WHO is delivering fuel to health facilities across the country to support the continuity of life-saving health care services in Yemen. In addition, a USAID/BHA international non-governmental organization
(INGO) partner is providing humanitarian coordination and information management (HCIM) support to relief actors by analyzing and mapping the impact of fuel shortages on operations to bolster humanitarian decision-making.
Clashes in Al Jawf, Marib Displace Nearly 1,000 Households in Late August
Escalated conflict in northern Yemen’s Al Jawf and Marib, which began in late January, continues to displace populations and increase humanitarian needs, according to the UN. In late August, IOM recorded approximately 830 and 150 newly displaced households in Al Jawf and Marib, respectively, due to increased fighting in the governorates, bringing the total number of newly displaced households in Al Jawf to approximately 1,560 and Marib to 9,400 to date in 2020. While Marib remains a primary destination for IDPs fleeing frontline clashes, conflict continued to affect civilian areas in the governorate in late August, with airstrikes and shelling damaging civilian houses and water supply systems, the Protection Cluster reports.

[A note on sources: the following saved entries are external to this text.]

lemma measure_PiM_PiE:
  fixes d :: "'i \<Rightarrow> 'b measure"
  assumes "finite V" "\<And>i. i \<in> V \<Longrightarrow> prob_space (d i)" "\<And>i. i \<in> V \<Longrightarrow> X i \<in> sets (d i)"
  shows "measure (PiM V d) (PiE V X) = (\<Prod>i\<in>V. measure (d i) (X i))"
proof -
  \<comment> \<open>The product locale wants a probability space at every index.\<close>
  define M where "M i = (if i \<in> V then d i else count_space {undefined})" for i
  interpret M: prob_space "M i" for i
    using assms(2) by (cases "i \<in> V") (auto simp: M_def intro!: prob_spaceI)
  interpret finite_product_prob_space M V
    by unfold_locales (rule assms(1))
  have "PiM V M = PiM V d"
    by (rule PiM_cong) (auto simp: M_def)
  moreover have "measure (PiM V M) (PiE V X) = (\<Prod>i\<in>V. measure (M i) (X i))"
    using assms(3) by (intro prob_times) (auto simp: M_def)
  ultimately show ?thesis
    by (simp add: M_def)
qed

text \<open>The left-hand side is the chord of the concave function \<open>a \<mapsto> min (cv + a) C\<close> over
  \<open>[0, C]\<close>.\<close>

lemma chord_le_min:
  fixes a C cv :: real
  assumes "0 \<le> a" "a \<le> C" "0 \<le> cv"
  shows "a + min cv C - min cv C / C * a \<le> min (cv + a) C"
proof (cases "C = 0")
  case False
  then have "C > 0" using assms by auto
  have "min cv C * (C - a) \<le> C * (C - a)"
    using assms by (intro mult_right_mono) auto
  then have "min cv C / C * a \<ge> min cv C - (C - a)"
    using \<open>C > 0\<close> by (simp add: field_simps)
  moreover have "0 \<le> min cv C / C * a"
    using assms \<open>C > 0\<close> by auto
  ultimately show ?thesis by linarith
qed (use assms in auto)

lemma four_thirds_bound:
  fixes m cv r C :: real
  assumes "0 \<le> m" "0 \<le> cv" "0 \<le> r" "r \<le> 1" "C = m + r * cv"
  shows "cv + m \<le> 4 / 3 * (cv + m - r * (cv - min cv C) - min cv C / C * (r * m))"
proof (cases "cv \<le> C")
  case True
  have "C * C - 4 * (r * cv * m) = (m - r * cv)\<^sup>2"
    unfolding assms(5) by (simp add: power2_eq_square algebra_simps)
  then have "4 * (r * cv * m) \<le> C * C"
    by (metis diff_ge_0_iff_ge zero_le_power2)
  have "4 * (r * cv * m / C) \<le> C"
  proof (cases "C = 0")
    case False
    then have "C > 0"
      using assms by (simp add: order_neq_le_trans)
    then show ?thesis
      using \<open>4 * (r * cv * m) \<le> C * C\<close> by (simp add: pos_divide_le_eq)
  qed simp
  moreover have "C \<le> cv + m"
    using assms(2-5) by (simp add: mult_left_le_one_le)
  ultimately have "4 * (r * cv * m / C) \<le> cv + m"
    by linarith
  moreover have "cv + m \<le> 4 / 3 * (cv + m - z)" if "4 * z \<le> cv + m" for z
    using that by (simp add: field_simps)
  ultimately show ?thesis
    using True by (simp add: mult.commute mult.left_commute)
next
  case False
  have "r * (cv - C) + C / C * (r * m) = r * cv - r * r * cv"
  proof (cases "C = 0")
    case True
    then have "r * cv = 0"
      using assms by (simp add: add_nonneg_eq_0_iff)
    with True show ?thesis by simp
  qed (use assms(5) in \<open>simp add: algebra_simps\<close>)
  moreover have "0 \<le> cv * (1 - 2 * r)\<^sup>2"
    using assms(2) by simp
  then have "4 * (r * cv - r * r * cv) \<le> cv"
    by (simp add: power2_eq_square algebra_simps)
  then have "cv + m \<le> 4 / 3 * (cv + m - (r * cv - r * r * cv))"
    using assms(1) by (simp add: field_simps)
  ultimately show ?thesis
    using False by simp
qed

With USG and other donor support, IOM is providing life-saving health, protection, and WASH support to IDPs and migrants—primarily from the Horn of Africa—in Marib. From late July to late August, IOM provided emergency health services to approximately 2,200 IDPs, conducted more than 5,300 protection screening interviews for IDPs and migrants, and distributed more than 400 RRM kits to newly displaced persons in the governorate. In addition, IOM distributed dignity and hygiene kits to approximately 1,000 and 2,000 migrants, respectively, to decrease the transmission risk of communicable diseases.

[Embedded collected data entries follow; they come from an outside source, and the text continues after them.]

lemma bd_in_chains:
  assumes "face_closed K" "c \<in> chains K (Suc k)"
  shows "bd K c \<in> chains K k"
  unfolding chains_def
proof (intro CollectI allI impI)
  fix \<tau> assume nz: "bd K c \<tau> \<noteq> 0"
  then have "\<tau> \<noteq> {}"
    by (auto simp: bd_def)
  with nz obtain \<sigma> where \<sigma>: "\<sigma> \<in> cofaces K \<tau>" "c \<sigma> \<noteq> 0"
    by (metis bd_eq_sum_cofaces sum.neutral)
  then have "card \<sigma> = Suc (Suc k)"
    using assms(2) unfolding chains_def by blast
  with \<sigma> \<open>\<tau> \<noteq> {}\<close> assms(1) show "\<tau> \<in> K \<and> card \<tau> = Suc k"
    unfolding cofaces_def face_closed_def by auto
qed

lemma boundaries_subset_cycles:
  assumes "finite K" "face_closed K"
  shows "boundaries K k \<subseteq> cycles K k"
  using bd_bd[OF assms] bd_in_chains[OF assms(2)]
  unfolding boundaries_def cycles_def by auto

lemma hrank_refl:
  assumes "finite K" "face_closed K"
  shows "hrank K K k = betti K k"
  using boundaries_subset_cycles[OF assms, of k]
  unfolding hrank_def betti_def by (simp add: Un_absorb2)

lemma hrank_empty: "hrank {} L k = 0"
proof -
  interpret V: vector_space "cscale :: bit \<Rightarrow> 'a chain \<Rightarrow> 'a chain"
    by (rule vector_space_cscale)
  have "chains {} k = ({0} :: 'a chain set)"
    unfolding chains_def by (auto simp: fun_eq_iff)
  moreover have "bd {} (0 :: 'a chain) = 0"
    by (simp add: bd_def fun_eq_iff)
  ultimately have "cycles {} k \<union> boundaries L k = insert 0 (boundaries L k)"
    unfolding cycles_def by auto
  moreover have "V.dim (insert 0 (boundaries L k)) = V.dim (boundaries L k)"
    by (metis V.dim_span V.span_insert_0)
  ultimately show ?thesis
    unfolding hrank_def zdim_def by simp
qed

lemma betti_empty: "betti {} k = 0"
  using hrank_refl[of "{} :: 'a set set" k] hrank_empty[of "{} :: 'a set set" k]
  by (simp add: face_closed_def)

lemma MCF_0 [simp]: "MCF P 0 = {}"
  by (simp add: MCF_def)

lemma face_closed_MCF: "face_closed (MCF P m)"
  unfolding face_closed_def MCF_def Delta_def by blast

lemma finite_MCF:
  assumes "finite X" "\<And>l. 1 \<le> l \<Longrightarrow> l \<le> m \<Longrightarrow> partition_on X (P l)"
  shows "finite (MCF P m)"
proof (rule finite_subset[of _ "Pow X"])
  show "MCF P m \<subseteq> Pow X"
    using assms(2) unfolding MCF_def Delta_def partition_on_def by fastforce
qed (use assms(1) in simp)

lemma pbetti_0_left: "pbetti P k 0 j = 0"
  by (simp add: pbetti_def hrank_empty)

lemma births_eq_pbetti:
  assumes "m \<le> M"
  shows "births P M k m = pbetti P k m m - pbetti P k (m - 1) m"
proof -
  define g where "g l = pbetti P k m l - pbetti P k (m - 1) l" for l
  have "(\<Sum>l=m+1..M. mu P k m l) = (\<Sum>l=Suc m..M. g (l - 1) - g l)"
    by (simp add: mu_def g_def algebra_simps)
  also have "\<dots> = - (\<Sum>l=Suc m..M. g l - g (l - 1))"
    by (simp flip: sum_negf)
  also have "\<dots> = g m - g M"
    using sum_telescope''[OF assms, of g] by simp
  finally show ?thesis
    by (simp add: births_def mu_inf_def g_def)
qed

lemma deaths_eq_pbetti:
  "deaths P k m = pbetti P k (m - 1) (m - 1) - pbetti P k (m - 1) m
                - pbetti P k 0 (m - 1) + pbetti P k 0 m"
proof -
  define h where "h l = pbetti P k l (m - 1) - pbetti P k l m" for l
  have "mu P k l m = h l - h (l - 1)" for l
    by (simp add: mu_def h_def)
  then have "deaths P k m = (\<Sum>l=Suc 0..m - 1. h l - h (l - 1))"
    by (simp add: deaths_def)
  also have "\<dots> = h (m - 1) - h 0"
    by (rule sum_telescope'') simp
  finally show ?thesis
    by (simp add: h_def)
qed

lemma conflict_eq_pbetti:
  assumes "m \<le> M"
  shows "conflict P M k m = pbetti P k m m - pbetti P k (m - 1) (m - 1)
                            + pbetti P k 0 (m - 1) - pbetti P k 0 m"
  by (simp add: conflict_def births_eq_pbetti[OF assms] deaths_eq_pbetti)

lemma conflict_MCF_eq_betti_diff:
  assumes "finite X" "\<And>l. 1 \<le> l \<Longrightarrow> l \<le> M \<Longrightarrow> partition_on X (P l)" "m \<le> M"
  shows "conflict P M k m = int (betti (MCF P m) k) - int (betti (MCF P (m - 1)) k)"
proof -
  have "pbetti P k i i = int (betti (MCF P i) k)" if "i \<le> M" for i
  proof -
    have "finite (MCF P i)"
      by (rule finite_MCF[OF assms(1)]) (use assms(2) that in auto)
    then show ?thesis
      by (simp add: pbetti_def hrank_refl face_closed_MCF)
  qed
  with assms(3) show ?thesis
    by (simp add: conflict_eq_pbetti pbetti_0_left)
qed

theorem proposition5:
  fixes X :: "'a set" and M :: nat and t :: "nat \<Rightarrow> real"
    and P :: "nat \<Rightarrow> 'a set set" and k :: nat
  assumes "finite X"
    and "\<And>i j. 1 \<le> i \<Longrightarrow> i < j \<Longrightarrow> j \<le> M \<Longrightarrow> t i < t j"
    and "\<And>m. 1 \<le> m \<Longrightarrow> m \<le> M \<Longrightarrow> partition_on X (P m)"
    and "1 \<le> k" and "k \<le> cdim (MCF P M) - 1"
  shows "conflict P M k 1 = births P M k 1
       \<and> (\<forall>m\<in>{2..M}. conflict P M k m = int (betti (MCF P m) k) - int (betti (MCF P (m - 1)) k))
       \<and> (\<forall>m\<in>{1..M}. int (betti (MCF P m) k) = (\<Sum>l=1..m. conflict P M k l))"
proof -
  note conflict_eq = conflict_MCF_eq_betti_diff[OF assms(1,3)]
  have "int (betti (MCF P m) k) = (\<Sum>l=1..m. conflict P M k l)" if "m \<le> M" for m
  proof -
    have "(\<Sum>l=Suc 0..m. conflict P M k l)
        = (\<Sum>l=Suc 0..m. int (betti (MCF P l) k) - int (betti (MCF P (l - 1)) k))"
      using that by (intro sum.cong) (auto simp: conflict_eq)
    also have "\<dots> = int (betti (MCF P m) k)"
      by (subst sum_telescope'') (simp_all add: betti_empty)
    finally show ?thesis
      by simp
  qed
  moreover have "conflict P M k 1 = births P M k 1"
    by (simp add: conflict_def deaths_def)
  ultimately show ?thesis
    by (auto simp: conflict_eq)
qed

end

Economic Crisis, Conflict, COVID-19 Result in Worsened Food Insecurity
Deteriorating macroeconomic conditions in Yemen—compounded by ongoing conflict and the country’s COVID-19 outbreak—continue to exacerbate the world’s largest food security crisis and constrain access to basic goods and services, WFP reports. From early January to mid-July, the Yemeni riyal (YER) depreciated by nearly 20 percent in Republic of Yemen Government (RoYG)-controlled areas; alongside other economic shocks, the YER’s depreciation resulted in a nearly 20 percent increase in the price of essential food commodities countrywide during the period. Meanwhile, COVID-19-related reductions in livelihoods and market access have decreased household income and ability to obtain adequate food , as prices of staple foods have risen. As a result, nearly 40 percent of Yemeni households remained without access to adequate, nutritious food on a regular basis as of mid-July, particularly in conflict-affected governorates such as Abyan, Al Jawf, and Marib, according to WFP.

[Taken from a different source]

(* Let $n\ge2$ and let $g:\mathcal{D}_n\to\mathbb{R}$ be jointly Lebesgue measurable. Consider the conditions: (D1) for every $\mathbf{R}\in[0,\infty)^n\setminus\{\mathbf{0}\}$, $\boldsymbol{\pi}\mapsto g(\boldsymbol{\pi},\mathbf{R})$ is concave on $\mathcal{D}_n(\cdot\mid\mathbf{R})$; (D2) $g(\boldsymbol{\pi},\mathbf{R})=0$ whenever $\mathbf{R}$ is constant on $\supp(\boldsymbol{\pi})$; (D3) $g(\boldsymbol{\pi},\alpha\mathbf{R})=g(\boldsymbol{\pi},\mathbf{R})$ for all $(\boldsymbol{\pi},\mathbf{R})\in\mathcal{D}_n$ and $\alpha>0$; (D4) there exist a Lebesgue measurable map $\mathbf{a}:[0,\infty)^n\setminus\{\mathbf{0}\}\to\mathbb{R}^n$ and a Lebesgue measurable $b:(0,\infty)\to\mathbb{R}$ such that for every $m\in(0,\infty)$ and $\mathbf{R}\in[0,\infty)^n\setminus\{\mathbf{0}\}$, $g(\boldsymbol{\pi},\mathbf{R})=\langle\mathbf{a}(\mathbf{R}),\boldsymbol{\pi}\rangle+b(m)$ for all $\boldsymbol{\pi}\in C_{m,\mathbf{R}}$, where $C_{m,\mathbf{R}}=\{\boldsymbol{\pi}\in\mathcal{D}_n(\cdot\mid\mathbf{R}):\langle\boldsymbol{\pi},\mathbf{R}\rangle=m\}$. Then: (i) $g$ is a gap function with a Lebesgue measurable generator if and only if $g$ satisfies (D2) and (D4); in that case, its generator is concave if and only if (D1) holds. (ii) $g$ satisfies (D2), (D3) and (D4) if and only if $g=c\,\Gamma$ for some $c\in\mathbb{R}$; in that case, $c\ge0$ if and only if (D1) holds.
   Context: $\Delta_n=\{\mathbf{x}\in[0,1]^n:\sum_ix_i=1\}$; $\supp(\mathbf{x})=\{i:x_i>0\}$; $\mathcal{D}_n=\{(\boldsymbol{\pi},\mathbf{R})\in\Delta_n\times[0,\infty)^n:\supp(\boldsymbol{\pi})\subseteq\supp(\mathbf{R})\}$; for $\mathbf{R}\in[0,\infty)^n\setminus\{\mathbf{0}\}$, $\mathcal{D}_n(\cdot\mid\mathbf{R})=\{\boldsymbol{\pi}\in\Delta_n:(\boldsymbol{\pi},\mathbf{R})\in\mathcal{D}_n\}$. A function $g:\mathcal{D}_n\to\mathbb{R}$ is a gap function with generator $\varphi:(0,\infty)\to\mathbb{R}$ if $g(\boldsymbol{\pi},\mathbf{R})=\varphi\big(\sum_{i\in\supp(\boldsymbol{\pi})}\pi_iR_i\big)-\sum_{i\in\supp(\boldsymbol{\pi})}\pi_i\varphi(R_i)$ for all $(\boldsymbol{\pi},\mathbf{R})\in\mathcal{D}_n$. The excess growth rate $\Gamma$ is the gap function with generator $\varphi=\log$. *)

theory Defs
  imports "HOL-Analysis.Analysis"
begin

WHO Confirms Poliovirus Outbreak in Sa’dah Governorate
WHO confirmed an outbreak of circulating vaccine-derived poliovirus type one (cVDPV1)—a rare virus mutated from the weakened virus contained in oral polio vaccine (OPV) that can occur in underimmunized populations—in northern Yemen’s Sa’dah Governorate in early August, primarily affecting children ages eight months–13 years. The disease likely spread due to insufficient routine or supplementary immunization activities, with the affected children having only received zero to two OPV doses compared with the four-dose recommended schedule, WHO reports. Despite continued insecurity and related access constraints in the governorate, the UN Children’s Fund (UNICEF) and WHO plan to launch OPV campaigns in the coming weeks to stop the spread of cVDPV1 in affected areas.